lemma cycle_through_added_vertex:
  assumes sg: "sgraph V E" and "v \<notin> V"
    and D: "is_cycle S (add_vertex E v N) D" "v \<in> set D" "set D \<inter> X = {}"
  shows "\<exists>p\<in>N - X. \<exists>q\<in>N - X. p \<noteq> q \<and> connected_avoiding E X p q"
proof -
  let ?E = "add_vertex E v N"
  have E_old: "?E a b \<Longrightarrow> a \<noteq> v \<Longrightarrow> b \<noteq> v \<Longrightarrow> E a b" for a b
    unfolding add_vertex_def by auto
  have E_new: "?E v b \<Longrightarrow> b \<in> N" "?E b v \<Longrightarrow> b \<in> N" for b
    using sg \<open>v \<notin> V\<close> unfolding add_vertex_def sgraph_def by auto
  obtain k where "k < length D" "D ! k = v" using D(2) by (metis in_set_conv_nth)
  define C where "C = rotate k D"
  let ?n = "length C"
  have "is_cycle S ?E C" unfolding C_def by (rule is_cycle_rotate[OF D(1)])
  then have n: "3 \<le> ?n" and dist: "distinct C"
    and edge: "\<And>i. i < ?n \<Longrightarrow> ?E (C ! i) (C ! ((i + 1) mod ?n))"
    unfolding is_cycle_def by auto
  have n0: "0 < ?n" using n by linarith
  have C0: "C ! 0 = v"
    using \<open>k < length D\<close> \<open>D ! k = v\<close> nth_rotate[of 0 D k] unfolding C_def by force
  have CX: "set C \<inter> X = {}" using D(3) unfolding C_def by simp
  have not_v: "C ! j \<noteq> v" if "0 < j" "j < ?n" for j
  proof
    assume "C ! j = v"
    with C0 have "C ! j = C ! 0" by simp
    then show False using nth_eq_iff_index_eq[OF dist that(2) n0] that(1) by blast
  qed
  have path: "E (C ! m) (C ! Suc m)" if "1 \<le> m" "Suc m < ?n" for m
  proof -
    have "?E (C ! m) (C ! Suc m)" using edge[of m] that by simp
    moreover have "C ! m \<noteq> v" "C ! Suc m \<noteq> v" using not_v that by simp_all
    ultimately show ?thesis using E_old by blast
  qed
  have first: "1 < ?n" using n by linarith
  have last: "?n - 1 < ?n" "(?n - 1 + 1) mod ?n = 0" using n0 by simp_all
  have "C ! 1 \<in> N" using E_new(1) edge[OF n0] first C0 by simp
  moreover have "C ! (?n - 1) \<in> N" using E_new(2) edge[OF last(1)] C0 unfolding last(2) by simp
  moreover have "C ! 1 \<notin> X" "C ! (?n - 1) \<notin> X"
    using CX nth_mem[OF first] nth_mem[OF last(1)] by blast+
  moreover have "C ! 1 \<noteq> C ! (?n - 1)" using n nth_eq_iff_index_eq[OF dist] by simp
  moreover have "connected_avoiding E X (C ! 1) (C ! (?n - 1))"
    using connected_avoiding_segment[of 1 C E X "?n - 1", OF path CX] first by simp
  ultimately show ?thesis by blast
qed

definition separating_transversal :: "'a set \<Rightarrow> ('a \<Rightarrow> 'a \<Rightarrow> bool) \<Rightarrow> 'a set \<Rightarrow> 'a set \<Rightarrow> bool" where
  "separating_transversal V E N I \<longleftrightarrow> I \<subseteq> N \<and> independent I E
     \<and> (\<forall>D. is_cycle V E D \<longrightarrow> set D \<inter> I \<noteq> {})
     \<and> (\<forall>p\<in>N - I. \<forall>q\<in>N - I. p \<noteq> q \<longrightarrow> \<not> connected_avoiding E I p q)"

lemma near_bipartite_coloring_add_vertex:
  assumes sg: "sgraph V E" and "v \<notin> V" "N \<subseteq> V" and I: "separating_transversal V E N I"
  shows "near_bipartite_coloring (insert v V) (add_vertex E v N) I (insert v V - I)
    \<and> I \<subseteq> {u. add_vertex E v N v u}"
proof -
  let ?E = "add_vertex E v N"
  have "I \<subseteq> N" "independent I E" and meets: "\<And>D. is_cycle V E D \<Longrightarrow> set D \<inter> I \<noteq> {}"
    and separates: "\<And>p q. p \<in> N - I \<Longrightarrow> q \<in> N - I \<Longrightarrow> p \<noteq> q \<Longrightarrow> \<not> connected_avoiding E I p q"
    using I unfolding separating_transversal_def by auto
  have "independent I ?E"
    using \<open>independent I E\<close> \<open>I \<subseteq> N\<close> \<open>N \<subseteq> V\<close> \<open>v \<notin> V\<close>
    unfolding independent_def add_vertex_def by blast
  moreover have "induced_forest (insert v V - I) ?E"
    unfolding induced_forest_def
  proof
    assume "\<exists>D. is_cycle (insert v V - I) ?E D"
    then obtain D where D: "is_cycle (insert v V - I) ?E D" by blast
    then have DI: "set D \<inter> I = {}" unfolding is_cycle_def by auto
    show False
    proof (cases "v \<in> set D")
      case False
      then have "is_cycle V E D" using is_cycle_add_vertex_avoiding[OF D] by blast
      then show False using meets DI by blast
    next
      case True
      then show False
        using cycle_through_added_vertex[OF sg \<open>v \<notin> V\<close> D True DI] separates by blast
    qed
  qed
  moreover have "I \<subseteq> {u. ?E v u}" using \<open>I \<subseteq> N\<close> unfolding add_vertex_def by blast
  ultimately show ?thesis
    unfolding near_bipartite_coloring_def using \<open>I \<subseteq> N\<close> \<open>N \<subseteq> V\<close> by blast
qed

locale unique_cycle_graph =
  fixes V :: "'a set" and E :: "'a \<Rightarrow> 'a \<Rightarrow> bool" and K :: "'a set"
  assumes sgraph: "sgraph V E"
    and cycle_vertices: "is_cycle V E D \<Longrightarrow> set D = K"
    and triangle_free: "E a b \<Longrightarrow> E b c \<Longrightarrow> E a c \<Longrightarrow> False"
begin

lemma edge_sym: "E x y \<Longrightarrow> E y x"
  using sgraph unfolding sgraph_def by blast

lemma edge_irrefl: "\<not> E x x"
  using sgraph unfolding sgraph_def by blast

lemma common_neighbour_on_cycle:
  assumes "i \<in> X" "E i p" "E i q" "p \<noteq> q" "connected_avoiding E X p q"
  shows "i \<in> K \<and> p \<in> K \<and> q \<in> K \<and> K \<inter> X \<subseteq> {i}"
  using cycle_through_common_neighbour[OF sgraph assms] cycle_vertices by blast

lemma edge_on_cycle_avoiding:
  assumes "E y y'" "x \<noteq> y" "x \<noteq> y'"
    and "connected_avoiding E {x, y'} w y" "connected_avoiding E {x, y} w y'"
  shows "y \<in> K \<and> y' \<in> K \<and> x \<notin> K"
  using cycle_through_edge_avoiding[OF sgraph assms] cycle_vertices by blast

end

locale attachment = unique_cycle_graph +
  fixes N :: "'a set"
  assumes N_subset: "N \<subseteq> V" and card_N: "card N \<le> 4"
    and N_meets_cycle: "K \<noteq> {} \<Longrightarrow> N \<inter> K \<noteq> {}"
begin

lemma separating_transversalI:
  assumes "I \<subseteq> N" "independent I E" "K \<noteq> {} \<Longrightarrow> I \<inter> K \<noteq> {}"
    and "\<And>p q. p \<in> N - I \<Longrightarrow> q \<in> N - I \<Longrightarrow> p \<noteq> q \<Longrightarrow> \<not> connected_avoiding E I p q"
  shows "separating_transversal V E N I"
proof -
  have "set D \<inter> I \<noteq> {}" if "is_cycle V E D" for D
  proof -
    have "set D \<noteq> {}" using that unfolding is_cycle_def by auto
    then show ?thesis using assms(3) cycle_vertices[OF that] by blast
  qed
  then show ?thesis using assms unfolding separating_transversal_def by blast
qed

lemma star_separating_transversal:
  assumes "z \<in> N" and centre: "\<And>x y. x \<in> N \<Longrightarrow> y \<in> N \<Longrightarrow> E x y \<Longrightarrow> x = z \<or> y = z"
  shows "\<exists>I. separating_transversal V E N I"
proof (cases "K = {} \<or> (N - {z}) \<inter> K \<noteq> {}")
  case True
  have "separating_transversal V E N (N - {z})"
    by (rule separating_transversalI) (use True centre in \<open>auto simp: independent_def\<close>)
  then show ?thesis by blast
next
  case False
  then have "z \<in> K" and off_cycle: "(N - {z}) \<inter> K = {}"
    using N_meets_cycle \<open>z \<in> N\<close> by auto
  let ?I = "{x \<in> N. \<not> E z x}"  \<comment> \<open>contains z, as E is irreflexive\<close>
  have "separating_transversal V E N ?I"
  proof (rule separating_transversalI)
    show "independent ?I E" using centre edge_sym unfolding independent_def by blast
    show "?I \<inter> K \<noteq> {}" using \<open>z \<in> N\<close> \<open>z \<in> K\<close> edge_irrefl by blast
    fix p q assume "p \<in> N - ?I" "q \<in> N - ?I" "p \<noteq> q"
    then have "E z p" "E z q" "p \<in> N - {z}" using edge_irrefl by auto
    moreover have "z \<in> ?I" using \<open>z \<in> N\<close> edge_irrefl by blast
    ultimately show "\<not> connected_avoiding E ?I p q"
      using common_neighbour_on_cycle[of z ?I p q] \<open>p \<noteq> q\<close> off_cycle by blast
  qed auto
  then show ?thesis by blast
qed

========

Exercise
Where the string "dist" shows up in the listing above, copy the line that holds it.

Finished task
  then have n: "3 \<le> ?n" and dist: "distinct C"
    then show False using nth_eq_iff_index_eq[OF dist that(2) n0] that(1) by blast
  moreover have "C ! 1 \<noteq> C ! (?n - 1)" using n nth_eq_iff_index_eq[OF dist] by simp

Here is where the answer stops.